Il existe des rencontres dont on se souvient toute une vie, ma rencontre avec JUSSI TUKIAINEN, fut de celle-ci.
Tout a commencé par des œuvres magnifiques découvertes au Musée du bois de Lusto dans une exposition collective puis par une exposition à Savonlinna qui lui était consacrée (Museokeskus Riihisaari) où j'ai eu la chance d'obtenir son adresse.
Une visite à l'improviste et là de nouveau la chance que Jussi nous accueille et nous fasse visiter son atelier.

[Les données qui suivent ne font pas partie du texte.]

definition monic_OPs :: "(real \<Rightarrow> real) \<Rightarrow> (nat \<Rightarrow> real poly) \<Rightarrow> bool" where
  "monic_OPs w P \<longleftrightarrow>
     (\<forall>n. degree (P n) = n \<and> lead_coeff (P n) = 1 \<and> ip w (P n) (P n) \<noteq> 0) \<and>
     (\<forall>m n. m \<noteq> n \<longrightarrow> ip w (P m) (P n) = 0)"

end

theory Submission
  imports Defs "HOL-Real_Asymp.Real_Asymp"
begin

text \<open>
  Write \<open>I f\<close> for the integral of \<open>f\<close> against the weight and
  \<open>S f = sum_k \<omega>_k w0(t_k) f(t_k)\<close>.  Integrating the derivative of \<open>x^(a+1) e^(-x) f(x)\<close>
  against the step function \<open>\<omega>_0 + sum_k \<omega>_k \<theta>(x - t_k)\<close> gives the Pearson-type identity
  \<open>I(x f' + (a + 1 - x) f) = - S(x f)\<close>: every jump of the step function leaves a point
  evaluation.  For \<open>f = P_n^2\<close> orthogonality turns it into
  \<open>\<alpha>_n h_n = I(x P_n^2) = (2n + 1 + a) h_n + S(x P_n^2)\<close>.

  For \<open>\<beta>_n\<close> consider the linear form \<open>L g = I g - I g' - S g\<close>, which satisfies
  \<open>L(x f) = a I f\<close>.  Writing \<open>P_n = u + x Q\<close> and \<open>P_(n-1) = v + x Q'\<close>, orthogonality gives
  \<open>L(P_n^2) = u L(P_n)\<close>, \<open>L(P_(n-1)^2) = v L(P_(n-1))\<close> and
  \<open>L(P_n P_(n-1)) = v L(P_n) = u L(P_(n-1)) + a h_(n-1)\<close>, hence
  \<open>L(P_n^2) L(P_(n-1)^2) = L(P_n P_(n-1)) (L(P_n P_(n-1)) - a h_(n-1))\<close>.  The three values of
  \<open>L\<close> are again computed by orthogonality, and together with \<open>\<beta>_n = h_n / h_(n-1)\<close> this
  identity is the formula for \<open>\<beta>_n\<close>.
\<close>

section \<open>Tail integrals of the Laguerre weight\<close>

lemma set_integrable_powr_div_exp:
  fixes b :: real
  assumes "b > -1"
  shows "set_integrable lborel {0..} (\<lambda>x. x powr b / exp x)"
proof -
  have "Gamma (b + 1) = (\<integral>\<^sup>+x. ennreal (indicator {0..} x * x powr (b + 1 - 1) / exp x) \<partial>lborel)"
    by (rule Gamma_conv_nn_integral_real) (use assms in auto)
  then have "(\<integral>\<^sup>+x. ennreal (indicator {0..} x * x powr b / exp x) \<partial>lborel) < \<infinity>"
    by (metis ennreal_less_top infinity_ennreal_def add_diff_cancel_right')
  then show ?thesis
    unfolding set_integrable_def by (intro integrableI_nonneg) (auto simp: indicator_def)
qed

lemma set_integrable_poly_w0:
  assumes a: "a > -1" and s: "s \<ge> 0"
  shows "set_integrable lborel {s..} (\<lambda>x. poly f x * w0 a x)"
proof -
  have monomial: "set_integrable lborel {0..} (\<lambda>x. x ^ i * w0 a x)" for i
  proof -
    have "x ^ i * w0 a x = x powr (a + real i) / exp x" if "x \<in> {0..}" for x
      using that by (cases "x = 0")
        (auto simp: w0_def powr_add powr_realpow exp_minus divide_inverse mult_ac)
    then have "set_integrable lborel {0..} (\<lambda>x. x ^ i * w0 a x)
             = set_integrable lborel {0..} (\<lambda>x. x powr (a + real i) / exp x)"
      by (intro set_integrable_cong) simp_all
    then show ?thesis
      using set_integrable_powr_div_exp[of "a + real i"] a by simp
  qed
  have "set_integrable lborel {0..} (\<lambda>x. coeff f i * (x ^ i * w0 a x))" for i
    using monomial by (rule set_integrable_mult_right)
  then have "integrable lborel
      (\<lambda>x. \<Sum>i\<le>degree f. indicator {0..} x *\<^sub>R (coeff f i * (x ^ i * w0 a x)))"
    unfolding set_integrable_def by (intro Bochner_Integration.integrable_sum)
  then have "set_integrable lborel {0..} (\<lambda>x. poly f x * w0 a x)"
    unfolding set_integrable_def poly_altdef sum_distrib_right scaleR_sum_right
    by (simp add: mult.assoc)
  then show ?thesis
    by (rule set_integrable_subset) (use s in auto)
qed

lemma tendsto_powr_exp_poly_at_top:
  fixes b :: real
  shows "((\<lambda>x. x powr b * exp (- x) * poly f x) \<longlongrightarrow> 0) at_top"
proof -
  have "((\<lambda>x. \<Sum>i\<le>degree f. coeff f i * (x powr (b + real i) / exp x)) \<longlongrightarrow> 0) at_top"
    by (intro tendsto_null_sum tendsto_mult_right_zero) real_asymp
  moreover have "\<forall>\<^sub>F x in at_top. (\<Sum>i\<le>degree f. coeff f i * (x powr (b + real i) / exp x))
                                = x powr b * exp (- x) * poly f x"
    using eventually_gt_at_top[of 0]
    by eventually_elim
      (simp add: poly_altdef sum_distrib_left powr_add powr_realpow exp_minus divide_inverse mult_ac)
  ultimately show ?thesis
    by (rule Lim_transform_eventually)
qed

lemma tendsto_powr_exp_poly_at_right_0:
  fixes b :: real
  assumes "b > 0"
  shows "((\<lambda>x. x powr b * exp (- x) * poly f x) \<longlongrightarrow> 0) (at_right 0)"
proof -
  have "((\<lambda>x::real. x powr b) \<longlongrightarrow> 0) (at_right 0)"
    by (rule tendsto_zero_powrI[where b = b])
      (use assms eventually_at_right_less[of "0::real"] in
        \<open>auto simp: tendsto_ident_at elim: eventually_mono\<close>)
  moreover have "((\<lambda>x. exp (- x) * poly f x) \<longlongrightarrow> exp (- 0) * poly f 0) (at_right 0)"
    by (intro tendsto_intros)
  ultimately have "((\<lambda>x. x powr b * (exp (- x) * poly f x)) \<longlongrightarrow> 0 * (exp (- 0) * poly f 0)) (at_right 0)"
    by (rule tendsto_mult)
  then show ?thesis
    by (simp add: mult.assoc)
qed

definition w0_tail_integral :: "real \<Rightarrow> real \<Rightarrow> real poly \<Rightarrow> real" where
  "w0_tail_integral a s f = (LINT x:{s..}|lborel. poly f x * w0 a x)"

lemma w0_tail_integral_add:
  assumes "a > -1" "s \<ge> 0"
  shows "w0_tail_integral a s (f + g) = w0_tail_integral a s f + w0_tail_integral a s g"
  unfolding w0_tail_integral_def poly_add distrib_right
  by (rule set_integral_add(2)) (rule set_integrable_poly_w0[OF assms])+

lemma w0_tail_integral_smult: "w0_tail_integral a s (smult c f) = c * w0_tail_integral a s f"
  by (simp add: w0_tail_integral_def mult.assoc)

text \<open>The integrand is the derivative of \<open>x^(a+1) e^(-x) f(x)\<close>, which vanishes at infinity.\<close>

lemma w0_tail_integral_pearson:
  assumes a: "a > -1" and s: "s \<ge> 0"
  shows "w0_tail_integral a s (smult (a + 1) f + pCons 0 (pderiv f) - pCons 0 f)
           = - (s powr (a + 1) * exp (- s) * poly f s)"
proof -
  define g where "g x = poly (smult (a + 1) f + pCons 0 (pderiv f) - pCons 0 f) x * w0 a x" for x
  define G where "G x = x powr (a + 1) * exp (- x) * poly f x" for x
  have "w0_tail_integral a s (smult (a + 1) f + pCons 0 (pderiv f) - pCons 0 f)
      = (LINT x:{s<..}|lborel. g x)"
    unfolding w0_tail_integral_def g_def
    by (rule set_integral_discrete_difference[where X = "{s}"]) auto
  also have "\<dots> = (LBINT x=ereal s..\<infinity>. g x)"
    by (simp add: interval_integral_to_infinity_eq)
  also have "\<dots> = 0 - G s"
  proof (rule interval_integral_FTC_integrable)
    fix x
    assume "ereal s < ereal x"
    then have x: "x > 0"
      using s by simp
    have "(G has_real_derivative (a + 1) * x powr (a + 1 - 1) * exp (- x) * poly f x
        + x powr (a + 1) * (exp (- x) * (- 1)) * poly f x
        + x powr (a + 1) * exp (- x) * poly (pderiv f) x) (at x)"
      unfolding G_def using x by (auto intro!: derivative_eq_intros simp: algebra_simps)
    moreover have "x powr (a + 1) = x * x powr a"
      using x by (simp add: powr_add)
    ultimately show "(G has_vector_derivative g x) (at x)"
      by (simp add: g_def w0_def algebra_simps has_real_derivative_iff_has_vector_derivative)
    show "isCont g x"
      unfolding g_def w0_def using x by (auto intro!: continuous_intros)
  next
    show "set_integrable lborel (einterval s \<infinity>) g"
      unfolding g_def by (rule set_integrable_subset[OF set_integrable_poly_w0[OF a s]]) auto
    show "((G \<circ> real_of_ereal) \<longlongrightarrow> G s) (at_right (ereal s))"
      unfolding ereal_tendsto_simps1
    proof (cases "s = 0")
      case True
      then show "(G \<longlongrightarrow> G s) (at_right s)"
        unfolding G_def using tendsto_powr_exp_poly_at_right_0[of "a + 1" f] a by simp
    next
      case False
      then have "isCont G s"
        unfolding G_def using s by (auto intro!: continuous_intros)
      then show "(G \<longlongrightarrow> G s) (at_right s)"
        unfolding isCont_def by (rule Lim_at_imp_Lim_at_within)
    qed
    show "((G \<circ> real_of_ereal) \<longlongrightarrow> 0) (at_left \<infinity>)"
      unfolding ereal_tendsto_simps1 G_def by (rule tendsto_powr_exp_poly_at_top)
  qed simp
  finally show ?thesis
    by (simp add: G_def)
qed

section \<open>Orthogonal polynomials for a Pearson-type functional\<close>

locale monic_orthogonal_functional =
  fixes I :: "real poly \<Rightarrow> real" and P :: "nat \<Rightarrow> real poly"
  assumes I_add: "I (p + q) = I p + I q"
    and I_smult: "I (smult c p) = c * I p"
    and degree_P: "degree (P n) = n"
    and lead_coeff_P: "lead_coeff (P n) = 1"
    and I_P_P_nonzero: "I (P n * P n) \<noteq> 0"
    and orthogonal: "k \<noteq> n \<Longrightarrow> I (P k * P n) = 0"
begin

lemma I_zero: "I 0 = 0"
  using I_smult[of 0 0] by simp

lemma I_diff: "I (p - q) = I p - I q"
  using I_add[of "p - q" q] by simp

lemma coeff_P_self: "coeff (P n) n = 1"
  using lead_coeff_P[of n] by (simp add: degree_P)

lemma coeff_P_above: "n < i \<Longrightarrow> coeff (P n) i = 0"
  by (simp add: coeff_eq_0 degree_P)

lemma coeff_pderiv_P_above: "n \<le> i \<Longrightarrow> coeff (pderiv (P n)) i = 0"
  by (simp add: coeff_pderiv coeff_P_above)

lemma I_P_mult_eq_0:
  assumes "\<And>i. d \<le> i \<Longrightarrow> coeff q i = 0" and "d \<le> n"
  shows "I (P n * q) = 0"
  using assms
proof (induction d arbitrary: q)
  case 0
  then have "q = 0"
    by (intro poly_eqI) simp
  then show ?case
    by (simp add: I_zero)
next
  case (Suc d)
  define r where "r = q - smult (coeff q d) (P d)"
  have r_coeff: "coeff r i = 0" if "d \<le> i" for i
  proof (cases "i = d")
    case True
    then show ?thesis
      by (simp add: r_def coeff_P_self)
  next
    case False
    with that have "Suc d \<le> i" and "d < i"
      by simp_all
    then show ?thesis
      using Suc.prems(1) by (simp add: r_def coeff_P_above)
  qed
  have "I (P n * r) = 0"
    using Suc.IH[OF r_coeff] Suc.prems(2) by simp
  moreover have "I (P d * P n) = 0"
    using Suc.prems(2) by (intro orthogonal) simp
  moreover have "P n * q = P n * r + smult (coeff q d) (P d * P n)"
    by (simp add: r_def algebra_simps)
  ultimately show ?case
    by (simp add: I_add I_smult)
qed

lemma I_P_mult_degree_le:
  assumes "degree q \<le> n"
  shows "I (P n * q) = coeff q n * I (P n * P n)"
proof -
  define r where "r = q - smult (coeff q n) (P n)"
  have r_coeff: "coeff r i = 0" if "n \<le> i" for i
  proof (cases "i = n")
    case True
    then show ?thesis
      by (simp add: r_def coeff_P_self)
  next
    case False
    with that assms have "degree q < i" and "n < i"
      by simp_all
    then show ?thesis
      by (simp add: r_def coeff_P_above coeff_eq_0)
  qed
  have "I (P n * r) = 0"
    using I_P_mult_eq_0[OF r_coeff] by simp
  moreover have "P n * q = P n * r + smult (coeff q n) (P n * P n)"
    by (simp add: r_def algebra_simps)
  ultimately show ?thesis
    by (simp add: I_add I_smult)
qed

lemma I_x_P_Suc_P: "I (pCons 0 (P (Suc n) * P n)) = I (P (Suc n) * P (Suc n))"
proof -
  have "degree (pCons 0 (P n)) \<le> Suc n"
    using degree_pCons_le[of 0 "P n"] by (simp add: degree_P)
  then show ?thesis
    using I_P_mult_degree_le[of "pCons 0 (P n)" "Suc n"] by (simp add: coeff_P_self)
qed

lemma I_x_P_pderiv_P: "I (pCons 0 (P n * pderiv (P n))) = real n * I (P n * P n)"
proof (cases n)
  case 0
  have "pderiv (P 0) = 0"
    using degree_P[of 0] by (simp add: pderiv_eq_0_iff)
  then show ?thesis
    using 0 by (simp add: I_zero)
next
  case (Suc k)
  have "degree (pCons 0 (pderiv (P n))) \<le> n"
    using degree_pCons_le[of 0 "pderiv (P n)"] Suc by (simp add: degree_pderiv degree_P)
  then show ?thesis
    using I_P_mult_degree_le[of "pCons 0 (pderiv (P n))" n] Suc
    by (simp add: coeff_pderiv coeff_P_self)
qed

lemma recurrence_I_x_P_squared:
  assumes "pCons 0 (P n) = P (Suc n) + smult c (P n) + q"
    and "\<And>i. n \<le> i \<Longrightarrow> coeff q i = 0"
  shows "I (pCons 0 (P n * P n)) = c * I (P n * P n)"
proof -
  have "pCons 0 (P n * P n) = P n * P (Suc n) + smult c (P n * P n) + P n * q"
    using arg_cong[OF assms(1), of "(*) (P n)"] by (simp add: algebra_simps)
  moreover have "I (P n * q) = 0"
    using assms(2) by (intro I_P_mult_eq_0) auto
  ultimately show ?thesis
    by (simp add: I_add I_smult orthogonal)
qed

L'échange fut limité (tristesse totale de ne pas parler finnois) mais voyant notre intérêt pour son travail, Jussi nous confia les clefs d'un autre lieu d'exposition à une trentaine de kilomètres de chez lui (avec comble de la confiance mission de les confier à la station service du village).
Et nous voici repartis pour Kerimäki et sa Tour, lieu d'exposition riche de sculptures et de tableaux, dans le quartier de Jouhenjoki.
Voici aujourd'hui sur les Grigris et pendant trois jours un reportage sur un artiste talentueux, engagé et profondément humain.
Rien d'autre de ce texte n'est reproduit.